I’ve always thought Tamlin looks a bit like an African-American Audrey Hepburn. Her delicate features are pensive as she gazes at us, and it looks like she’s struggling for a moment with a strong emotion before her face smooths over into its usual calm and poised demeanor.
“We’re going to be focusing more on defensive moves from now on.”
There’s a soft rustling sound as people shift in their chairs.
My stomach pitches. I don’t know if this new direction is because people don’t want us knowing how to attack them, thinking that we’re already too dangerous, or if it’s because Tamlin and the rest of the staff think it’s more important than ever that we learn how to protect ourselves.
Maybe it’s both
.
I compulsively turn my head to glance out the window, even though I can’t see them from this angle. The towers.

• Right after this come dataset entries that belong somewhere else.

lemma det_replace_row_eq_0_iff:
  fixes v :: "'n::finite \<Rightarrow> real^'n"
  assumes "inj v" "independent (range v)"
  shows "det (\<chi> i. if i = k then u else v i) = 0 \<longleftrightarrow> u \<in> span (v ` (UNIV - {k}))"
proof
  obtain c where c: "u - c *\<^sub>R v k \<in> span (v ` (UNIV - {k}))"
    using span_insert_others_eq_UNIV[OF assms] span_breakdown_eq by (metis UNIV_I)
  assume "det (\<chi> i. if i = k then u else v i) = 0"
  then have "c = 0"
    using det_replace_row[OF c] det_rows_neq_0[OF assms] by simp
  then show "u \<in> span (v ` (UNIV - {k}))"
    using c by simp
next
  assume "u \<in> span (v ` (UNIV - {k}))"
  then show "det (\<chi> i. if i = k then u else v i) = 0"
    using det_replace_row[of u 0 v k] by simp
qed

lemma sum_det_replace_row_eq_0_iff:
  fixes v :: "'n::finite \<Rightarrow> real^'n" and T :: "'n \<Rightarrow> (real^'n) set"
  assumes "inj v" "independent (range v)" and T0: "\<And>k. 0 \<in> T k"
  shows "(\<forall>u. (\<forall>k. u k \<in> T k) \<longrightarrow>
            (\<Sum>k\<in>UNIV. det (\<chi> i. if i = k then u k else v i)) = 0) \<longleftrightarrow>
    (\<forall>k. T k \<subseteq> span (v ` (UNIV - {k})))"
proof safe
  fix k x
  assume crit: "\<forall>u. (\<forall>k. u k \<in> T k) \<longrightarrow>
      (\<Sum>k\<in>UNIV. det (\<chi> i. if i = k then u k else v i)) = 0"
    and x: "x \<in> T k"
  define U where "U j = (if j = k then x else 0)" for j
  have "\<forall>j. U j \<in> T j"
    using x T0 by (simp add: U_def)
  then have "(\<Sum>j\<in>UNIV. det (\<chi> i. if i = j then U j else v i)) = 0"
    using crit by blast
  moreover have "det (\<chi> i. if i = j then U j else v i) =
      (if j = k then det (\<chi> i. if i = k then x else v i) else 0)" for j
    using det_row_0[of j v] by (simp add: U_def cong: if_cong)
  ultimately have "det (\<chi> i. if i = k then x else v i) = 0"
    by simp
  then show "x \<in> span (v ` (UNIV - {k}))"
    using det_replace_row_eq_0_iff[OF assms(1,2)] by blast
next
  fix u
  assume "\<forall>k. T k \<subseteq> span (v ` (UNIV - {k}))" "\<forall>k. u k \<in> T k"
  then have "det (\<chi> i. if i = k then u k else v i) = 0" for k
    using det_replace_row_eq_0_iff[OF assms(1,2)] by blast
  then show "(\<Sum>k\<in>UNIV. det (\<chi> i. if i = k then u k else v i)) = 0"
    by simp
qed

lemma auerbach_basis_range_iff:
  fixes v :: "'n::finite \<Rightarrow> real^'n"
  assumes "inj v" "independent (range v)"
  shows "auerbach_basis N (range v) \<longleftrightarrow>
    (\<forall>k. N (v k) = 1 \<and> (\<forall>y\<in>span (v ` (UNIV - {k})). birkhoff_orth N (v k) y))"
proof -
  have "range v - {v k} = v ` (UNIV - {k})" for k
    using assms(1) by (auto simp: inj_eq)
  then show ?thesis
    using assms span_range_eq_UNIV[OF assms] by (auto simp: auerbach_basis_def)
qed

theorem mainTheorem2:
  fixes N :: "real^'n \<Rightarrow> real" and v :: "'n \<Rightarrow> real^'n"
  assumes "is_norm N" and "smooth_norm N"
    and "\<forall>i. v i \<in> unit_sphere N"
    and "inj v" and "independent (range v)"
  shows "auerbach_basis N (range v) \<longleftrightarrow>
    (\<forall>u :: 'n \<Rightarrow> real^'n. (\<forall>k. u k \<in> tangent_space (unit_sphere N) (v k)) \<longrightarrow>
       (\<Sum>k\<in>UNIV. det (\<chi> i. if i = k then u k else v i)) = 0)"
proof -
  note N = assms(1) and indep = assms(4,5)
  have unit: "N (v k) = 1" for k
    using assms(3) by (simp add: unit_sphere_def)
  then have nonzero: "v k \<noteq> 0" for k
    using is_norm_0[OF N] by (metis zero_neq_one)
  have "\<forall>k. \<exists>L. linear L \<and> gateaux_derivative N (v k) L"
    using assms(2) nonzero unfolding smooth_norm_def gateaux_derivative_def by blast
  then obtain L where lin: "\<And>k. linear (L k)" and D: "\<And>k. gateaux_derivative N (v k) (L k)"
    by metis
  have tangent: "tangent_space (unit_sphere N) (v k) = {u. L k u = 0}" for k
    using tangent_space_unit_sphere_eq[OF N D unit] .
  then have zero_tangent: "0 \<in> tangent_space (unit_sphere N) (v k)" for k
    using linear_0[OF lin] by simp
  have "auerbach_basis N (range v) \<longleftrightarrow> (\<forall>k. span (v ` (UNIV - {k})) \<subseteq> {u. L k u = 0})"
    by (simp add: auerbach_basis_range_iff[OF indep] unit subset_eq
        birkhoff_orth_iff_gateaux_derivative_eq_0[OF N D])
  also have "\<dots> \<longleftrightarrow> (\<forall>k. {u. L k u = 0} \<subseteq> span (v ` (UNIV - {k})))"
    using span_subset_kernel_iff_kernel_subset_span[OF lin span_insert_others_eq_UNIV[OF indep]
        independent_range_imp_not_in_span_others[OF indep]
        gateaux_derivative_self_neq_0[OF N D nonzero]]
    by blast
  finally show ?thesis
    unfolding sum_det_replace_row_eq_0_iff[OF indep zero_tangent] unfolding tangent .
qed

end
(* Let $\mathcal A=\{G\in\mathcal G:\ \overline G\text{ is Abelian}\}$ and let $A\in\mathcal G$ be such that $\overline A\cong\bigoplus_{p\in\mathbf P}\mathbb Z[p^\infty]^{(\mathbb N)}$. Then the isomorphism class $\{G\in\mathcal G:\ \overline G\cong\overline A\}$ is dense in $\mathcal A$.
   Context: Let $\mathbb N=\{1,2,3,\dots\}$. Equip $\mathbb N^{\mathbb N\times\mathbb N}$ with the product topology of the discrete topology on $\mathbb N$. Let $\mathcal G$ be the subspace consisting of those $A\in\mathbb N^{\mathbb N\times\mathbb N}$ that are the multiplication table of a group on the underlying set $\mathbb N$ whose identity element is $1$. For $G\in\mathcal G$, $\overline G$ denotes the group on $\mathbb N$ with multiplication table $G$. $\mathbf P$ is the set of primes, $\mathbb Z[p^\infty]$ is the Prüfer $p$-group, and $K^{(\mathbb N)}$ is the direct sum of countably infinitely many copies of $K$. $\mathcal A$ carries the subspace topology. *)

theory Defs
  imports "HOL-Analysis.Analysis" "HOL-Algebra.Algebra"
begin

definition Npos :: "nat set" where "Npos = {1..}"

definition table_space :: "(nat \<times> nat \<Rightarrow> nat) topology" where
  "table_space = product_topology (\<lambda>_. discrete_topology Npos) (Npos \<times> Npos)"

definition tbl :: "(nat \<times> nat \<Rightarrow> nat) \<Rightarrow> nat monoid" where
  "tbl A = \<lparr>carrier = Npos, mult = (\<lambda>x y. A (x, y)), one = 1\<rparr>"

definition GG :: "(nat \<times> nat \<Rightarrow> nat) set" where
  "GG = {A \<in> topspace table_space. group (tbl A)}"

definition AA :: "(nat \<times> nat \<Rightarrow> nat) set" where
  "AA = {A \<in> GG. comm_group (tbl A)}"

text \<open>Pruefer p-group Z[p^infinity], realised as the p-power-denominator part of Q/Z,
  with representatives in [0,1).\<close>
definition prufer :: "nat \<Rightarrow> rat monoid" where
  "prufer p = \<lparr>carrier = {r::rat. 0 \<le> r \<and> r < 1 \<and> (\<exists>k::nat. r * of_nat (p ^ k) \<in> \<int>)},
               mult = (\<lambda>x y. x + y - of_int \<lfloor>x + y\<rfloor>), one = 0\<rparr>"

They’re about twenty feet high now.
Nobody knows anything more about them than we did before. There’s talk of the Circuit coming in to inspect them, but some people are against that because it could give the Circuit an opening to inspect all of us and establish their own order in the school.
Yeah, it’s a fucking mess.
Hell if I have any idea how to fix it, but I know that what people are proposing so far is bullshit. It just feels like we’re stuck between a bunch of crappy solutions with no real good one to turn to.
“I know that this might come as a surprise to you,” Tamlin goes on. “After all, I think my favorite saying in this class is…”
“The best defense is a good offense,” we all chorus.
It’s one of those phrases Tamlin repeats so often it’s been ingrained into our heads by now. It’s a sign of what a good teacher she is that she’s got us all repeating these things at her automatically.
Her dark eyes gleam with pride. “Yes, exactly. But there are going to be times when you need to stay on the defensive. There are martial arts disciplines that focus completely on the idea of using your opponent’s strength and energy against them and working to disarm them and only protect yourself, rather than lashing out and trying to actively disable them.”
Tom raises his hand. “Professor, is this because people think we’re too dangerous? Did the Circuit order this change?”
There’s a murmur from everyone.
Tamlin deflates a little. “No, this isn’t because anybody thinks you all are too dangerous. Although that is a consideration. This is because I want to make sure that if I ever hear any of you got into a fight, you’re all squeaky clean. I want you to be able to say to a judge or an officer that you only defended yourself. I want you to be so in the clear that nobody can even think about charging you with anything.”
The whole class grows quiet, and I realize I’ve been unconsciously gripping the sides of my desk as I listen to her speak.